Автор книги: Федор Гришанов
сообщить о нарушении
Текущая страница: 8 (всего у книги 25 страниц)
Дети в таком интернате, естественно, были разновозрастные: от первого до десятого, выпускного класса. Серёжа наш был тогда семиклассником. Учёба всегда поддавалась ему легко, уроки он успевал делать в школе, поэтому всё остальное своё время он посвящал изучению окружающего мира: запоем читал все попадавшие в его руки книги и встревал (вляпывался) во всевозможные, иногда чреватые приключения.
Со спальным местом Серёжа определился ещё утром. Его койка стояла у окна, прямо выходящего на знаменитую Транссибирскую магистраль. Серёжа положил сумку с книжками на кровать и отправился в столовую, где уже начинался общий интернатский обед.

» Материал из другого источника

lemma G_seq_eventually_gt:
  assumes lim: "\<And>\<epsilon>. \<epsilon> \<in> {0<..<1} \<Longrightarrow> isCont q \<epsilon> \<Longrightarrow> (\<lambda>d. log_complexity_seq d \<epsilon>) \<longlonglongrightarrow> q \<epsilon>"
    and x: "isCont G x" and c: "c < G x"
  shows "\<forall>\<^sub>F d in sequentially. c < G_seq d x"
proof (cases "c < 0")
  case True
  then show ?thesis
    by (intro always_eventually allI less_le_trans[OF True G_seq_nonneg])
next
  case False
  obtain \<epsilon>' where \<epsilon>': "\<epsilon>' \<in> {0<..<1}" "isCont q \<epsilon>'" "1 - G x < \<epsilon>'\<^sup>2" "\<epsilon>'\<^sup>2 < 1 - c"
    by (rule isCont_q_square_between[of "1 - G x" "1 - c"]) (use G_le_1[of x] c False in auto)
  obtain \<epsilon> where \<epsilon>: "\<epsilon> \<in> {0<..<1}" "\<epsilon>'\<^sup>2 < \<epsilon>\<^sup>2" "\<epsilon>\<^sup>2 < 1 - c"
    by (rule isCont_q_square_between[of "\<epsilon>'\<^sup>2" "1 - c"]) (use \<epsilon>'(4) False in auto)
  have "\<epsilon>' < \<epsilon>"
    using \<epsilon>(1,2) by (auto intro: power_less_imp_less_base)
  have "\<forall>\<^sub>F y in at x. 1 - \<epsilon>'\<^sup>2 < G y"
    using order_tendstoD(1)[OF x[unfolded isCont_def], of "1 - \<epsilon>'\<^sup>2"] \<epsilon>'(3) by simp
  then obtain u where "u < x" and u: "\<And>y. u < y \<Longrightarrow> y < x \<Longrightarrow> 1 - \<epsilon>'\<^sup>2 < G y"
    by (rule eventually_at_left_interval) auto
  then have "1 - \<epsilon>'\<^sup>2 \<le> G ((u + x) / 2)"
    by (simp add: less_imp_le)
  then have "q \<epsilon>' \<le> (u + x) / 2"
    using q_le_iff[OF \<epsilon>'(1,2)] by blast
  then have "q \<epsilon>' < x"
    using \<open>u < x\<close> by (simp add: field_simps)
  have "(\<lambda>d. log_complexity_seq d \<epsilon>' - ln (\<epsilon>\<^sup>2 - \<epsilon>'\<^sup>2) / b d) \<longlonglongrightarrow> q \<epsilon>' - 0"
    by (intro tendsto_diff lim \<epsilon>' tendsto_const_div_b)
  then have "\<forall>\<^sub>F d in sequentially. log_complexity_seq d \<epsilon>' - ln (\<epsilon>\<^sup>2 - \<epsilon>'\<^sup>2) / b d < x"
    using \<open>q \<epsilon>' < x\<close> by (simp add: order_tendstoD(2))
  then show ?thesis
  proof eventually_elim
    case (elim d)
    then have "\<not> G_seq d x < 1 - \<epsilon>\<^sup>2"
      using log_complexity_seq_gt[of \<epsilon>' \<epsilon> d x] \<epsilon>'(1) \<open>\<epsilon>' < \<epsilon>\<close> by auto
    then show ?case
      using \<epsilon>(3) by linarith
  qed
qed

lemma G_seq_eventually_less:
  assumes lim: "\<And>\<epsilon>. \<epsilon> \<in> {0<..<1} \<Longrightarrow> isCont q \<epsilon> \<Longrightarrow> (\<lambda>d. log_complexity_seq d \<epsilon>) \<longlonglongrightarrow> q \<epsilon>"
    and x: "isCont G x" and c: "G x < c"
  shows "\<forall>\<^sub>F d in sequentially. G_seq d x < c"
proof (cases "1 < c")
  case True
  then show ?thesis
    by (intro always_eventually allI le_less_trans[OF G_seq_le_1 True])
next
  case False
  obtain \<epsilon> where \<epsilon>: "\<epsilon> \<in> {0<..<1}" "isCont q \<epsilon>" "1 - c < \<epsilon>\<^sup>2" "\<epsilon>\<^sup>2 < 1 - G x"
    by (rule isCont_q_square_between[of "1 - c" "1 - G x"]) (use G_nonneg[of x] c False in auto)
  have "\<forall>\<^sub>F y in at x. G y < 1 - \<epsilon>\<^sup>2"
    using order_tendstoD(2)[OF x[unfolded isCont_def], of "1 - \<epsilon>\<^sup>2"] \<epsilon>(4) by simp
  then obtain v where "x < v" and v: "\<And>y. x < y \<Longrightarrow> y < v \<Longrightarrow> G y < 1 - \<epsilon>\<^sup>2"
    by (rule eventually_at_right_interval) auto
  then have "\<not> 1 - \<epsilon>\<^sup>2 \<le> G ((x + v) / 2)"
    by (simp add: not_le)
  then have "(x + v) / 2 < q \<epsilon>"
    using q_le_iff[OF \<epsilon>(1,2)] by (meson not_le)
  then have "x < q \<epsilon>"
    using \<open>x < v\<close> by (simp add: field_simps)
  then have "\<forall>\<^sub>F d in sequentially. x < log_complexity_seq d \<epsilon>"
    by (rule order_tendstoD(1)[OF lim[OF \<epsilon>(1,2)]])
  then show ?thesis
  proof eventually_elim
    case (elim d)
    then have "\<not> 1 - \<epsilon>\<^sup>2 \<le> G_seq d x"
      using log_complexity_seq_le[of \<epsilon> d x] \<epsilon>(1) by auto
    then show ?case
      using \<epsilon>(3) by linarith
  qed
qed

lemma log_complexity_seq_eventually_less:
  assumes conv: "weak_conv G_seq G" and \<epsilon>: "\<epsilon> \<in> {0<..<1}" "isCont q \<epsilon>" and c: "q \<epsilon> < c"
  shows "\<forall>\<^sub>F d in sequentially. log_complexity_seq d \<epsilon> < c"
proof -
  have "\<forall>\<^sub>F y in at \<epsilon>. q y < c"
    using order_tendstoD(2)[OF \<epsilon>(2)[unfolded isCont_def] c] .
  then obtain u where "u < \<epsilon>" and u: "\<And>y. u < y \<Longrightarrow> y < \<epsilon> \<Longrightarrow> q y < c"
    by (rule eventually_at_left_interval) auto
  obtain \<epsilon>' where \<epsilon>': "\<epsilon>' \<in> {max 0 u<..<\<epsilon>}" "isCont q \<epsilon>'"
    using isCont_q_between[of "max 0 u" \<epsilon>] \<open>u < \<epsilon>\<close> \<epsilon>(1) by auto
  then have "q \<epsilon>' < c" "\<epsilon>' \<in> {0<..<1}"
    using u \<epsilon>(1) by auto
  then obtain x where x: "x \<in> {q \<epsilon>'<..<c}" "isCont G x"
    using isCont_G_between[of "q \<epsilon>'" c] by auto
  have "1 - \<epsilon>'\<^sup>2 \<le> G x"
    using q_le_iff[OF \<open>\<epsilon>' \<in> {0<..<1}\<close> \<epsilon>'(2), of x] x(1) by simp
  moreover have "\<epsilon>'\<^sup>2 < \<epsilon>\<^sup>2"
    using \<epsilon>'(1) by (intro power_strict_mono) auto
  ultimately have "1 - \<epsilon>\<^sup>2 < G x"
    by linarith
  moreover have "(\<lambda>d. G_seq d x) \<longlonglongrightarrow> G x"
    using conv x(2) by (simp add: weak_conv_def)
  ultimately have "\<forall>\<^sub>F d in sequentially. 1 - \<epsilon>\<^sup>2 < G_seq d x"
    by (rule order_tendstoD(1)[rotated])
  then show ?thesis
  proof eventually_elim
    case (elim d)
    then show ?case
      using log_complexity_seq_le[of \<epsilon> d x] \<epsilon>(1) x(1) by fastforce
  qed
qed

lemma log_complexity_seq_eventually_gt:
  assumes conv: "weak_conv G_seq G" and \<epsilon>: "\<epsilon> \<in> {0<..<1}" "isCont q \<epsilon>" and c: "c < q \<epsilon>"
  shows "\<forall>\<^sub>F d in sequentially. c < log_complexity_seq d \<epsilon>"
proof -
  have "\<forall>\<^sub>F y in at \<epsilon>. c < q y"
    using order_tendstoD(1)[OF \<epsilon>(2)[unfolded isCont_def] c] .
  then obtain v where "\<epsilon> < v" and v: "\<And>y. \<epsilon> < y \<Longrightarrow> y < v \<Longrightarrow> c < q y"
    by (rule eventually_at_right_interval) auto
  obtain \<epsilon>' where \<epsilon>': "\<epsilon>' \<in> {\<epsilon><..<min 1 v}" "isCont q \<epsilon>'"
    using isCont_q_between[of \<epsilon> "min 1 v"] \<open>\<epsilon> < v\<close> \<epsilon>(1) by auto
  then have "c < q \<epsilon>'" "\<epsilon>' \<in> {0<..<1}"
    using v \<epsilon>(1) by auto
  then obtain x where x: "x \<in> {c<..<q \<epsilon>'}" "isCont G x"
    using isCont_G_between[of c "q \<epsilon>'"] by auto
  have "G x < 1 - \<epsilon>'\<^sup>2"
    using q_le_iff[OF \<open>\<epsilon>' \<in> {0<..<1}\<close> \<epsilon>'(2), of x] x(1) by simp
  moreover have "(\<lambda>d. G_seq d x) \<longlonglongrightarrow> G x"
    using conv x(2) by (simp add: weak_conv_def)
  ultimately have "\<forall>\<^sub>F d in sequentially. G_seq d x < 1 - \<epsilon>'\<^sup>2"
    by (rule order_tendstoD(2)[rotated])
  moreover have "\<forall>\<^sub>F d in sequentially. c < x + ln (\<epsilon>'\<^sup>2 - \<epsilon>\<^sup>2) / b d"
  proof (rule order_tendstoD(1))
    show "(\<lambda>d. x + ln (\<epsilon>'\<^sup>2 - \<epsilon>\<^sup>2) / b d) \<longlonglongrightarrow> x + 0"
      by (intro tendsto_add tendsto_const tendsto_const_div_b)
  qed (use x(1) in simp)
  ultimately show ?thesis
  proof eventually_elim
    case (elim d)
    then show ?case
      using log_complexity_seq_gt[of \<epsilon> \<epsilon>' d x] \<epsilon>(1) \<epsilon>'(1) by auto
  qed
qed

lemma log_complexity_tendsto_iff_weak_conv:
  "(\<forall>\<epsilon>\<in>{0<..<1}. isCont q \<epsilon> \<longrightarrow> (\<lambda>d. log_complexity_seq d \<epsilon>) \<longlonglongrightarrow> q \<epsilon>) \<longleftrightarrow> weak_conv G_seq G"
proof
  assume "\<forall>\<epsilon>\<in>{0<..<1}. isCont q \<epsilon> \<longrightarrow> (\<lambda>d. log_complexity_seq d \<epsilon>) \<longlonglongrightarrow> q \<epsilon>"
  then have lim: "\<And>\<epsilon>. \<epsilon> \<in> {0<..<1} \<Longrightarrow> isCont q \<epsilon> \<Longrightarrow> (\<lambda>d. log_complexity_seq d \<epsilon>) \<longlonglongrightarrow> q \<epsilon>"
    by simp
  show "weak_conv G_seq G"
    unfolding weak_conv_def
    by (intro allI impI order_tendstoI G_seq_eventually_gt[OF lim] G_seq_eventually_less[OF lim])
next
  assume conv: "weak_conv G_seq G"
  show "\<forall>\<epsilon>\<in>{0<..<1}. isCont q \<epsilon> \<longrightarrow> (\<lambda>d. log_complexity_seq d \<epsilon>) \<longlonglongrightarrow> q \<epsilon>"
    by (intro ballI impI order_tendstoI log_complexity_seq_eventually_less[OF conv]
        log_complexity_seq_eventually_gt[OF conv])
qed

end

theorem theorem1:
  fixes lam :: "nat \<Rightarrow> nat \<Rightarrow> real"
    and a b :: "nat \<Rightarrow> real"
    and q G :: "real \<Rightarrow> real"
  assumes eig: "\<And>d. eigen_seq (lam d)"
    and pos1: "\<And>d. lam d 0 > 0"
    and bpos: "\<And>d. b d > 0"
    and binf: "filterlim b at_top sequentially"
    and qmono: "antimono_on {0<..<1} q"
    and Gdf: "distribution_function G"
    and qG: "\<And>\<epsilon>. \<epsilon> \<in> {0<..<1} \<Longrightarrow> isCont q \<epsilon> \<Longrightarrow> q \<epsilon> = gen_inv G (1 - \<epsilon>\<^sup>2)"
  shows "(\<forall>\<epsilon>\<in>{0<..<1}. isCont q \<epsilon> \<longrightarrow>
            ((\<lambda>d. (ln (real (avg_complexity (lam d) \<epsilon>)) - a d - q \<epsilon> * b d) / b d)
               \<longlongrightarrow> 0) sequentially)
       \<longleftrightarrow> (\<forall>x. isCont G x \<longrightarrow> ((\<lambda>d. G_fun (lam d) (a d) (b d) x) \<longlongrightarrow> G x) sequentially)"
proof -
  interpret complexity_asymptotics lam a b q G
    by (rule complexity_asymptotics.intro) (fact assms)+
  have "(ln (real (avg_complexity (lam d) \<epsilon>)) - a d - q \<epsilon> * b d) / b d = log_complexity_seq d \<epsilon> - q \<epsilon>"
    for d \<epsilon>
    using bpos[of d] by (simp add: normalized_log_complexity_def diff_divide_distrib)
  then have error_tendsto_iff: "((\<lambda>d. (ln (real (avg_complexity (lam d) \<epsilon>)) - a d - q \<epsilon> * b d) / b d)
      \<longlongrightarrow> 0) sequentially \<longleftrightarrow> (\<lambda>d. log_complexity_seq d \<epsilon>) \<longlonglongrightarrow> q \<epsilon>" for \<epsilon>
    by (simp only: LIM_zero_iff)
  show ?thesis
    using log_complexity_tendsto_iff_weak_conv unfolding weak_conv_def error_tendsto_iff .
qed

В помещении, примыкающем к кухне и соединённым с ней раздаточным окном, было установлено несколько столов, вокруг которых уже сидели будущие подруги, друзья и недруги нашего героя. Старшие ребята, десяти– и девятиклассники сидели за большим столом. Все места вокруг него были заняты. И вообще оказалось только одно свободное место в углу, где сидели три самых маленьких девочки. Серёжа осмотрелся ещё: да, действительно, свободное место было только за их столом. Серёжа подошёл к ним, вежливо поклонился и любезно осведомился:
– Здравствуйте, прелестные мадемуазели. Вы позволите присоединиться к вам? Больше свободных мест нет.
– Да... Конечно... Садитесь. Нам ещё кастрюлю с первым не принесли... Она – тяжёлая. А дежурные о нас забыли.
– Ничего страшного. Это сделаю я. – Серёжа подошёл к окошку и взял кастрюлю с торчащим в ней черпаком. Поставил её на середину стола и посмотрел на своих соседок (В это время за столом старшеклассников кто-то насмешливо хихикнул).
– А вы теперь и разливайте. – предложила одна из его новых компаньонок.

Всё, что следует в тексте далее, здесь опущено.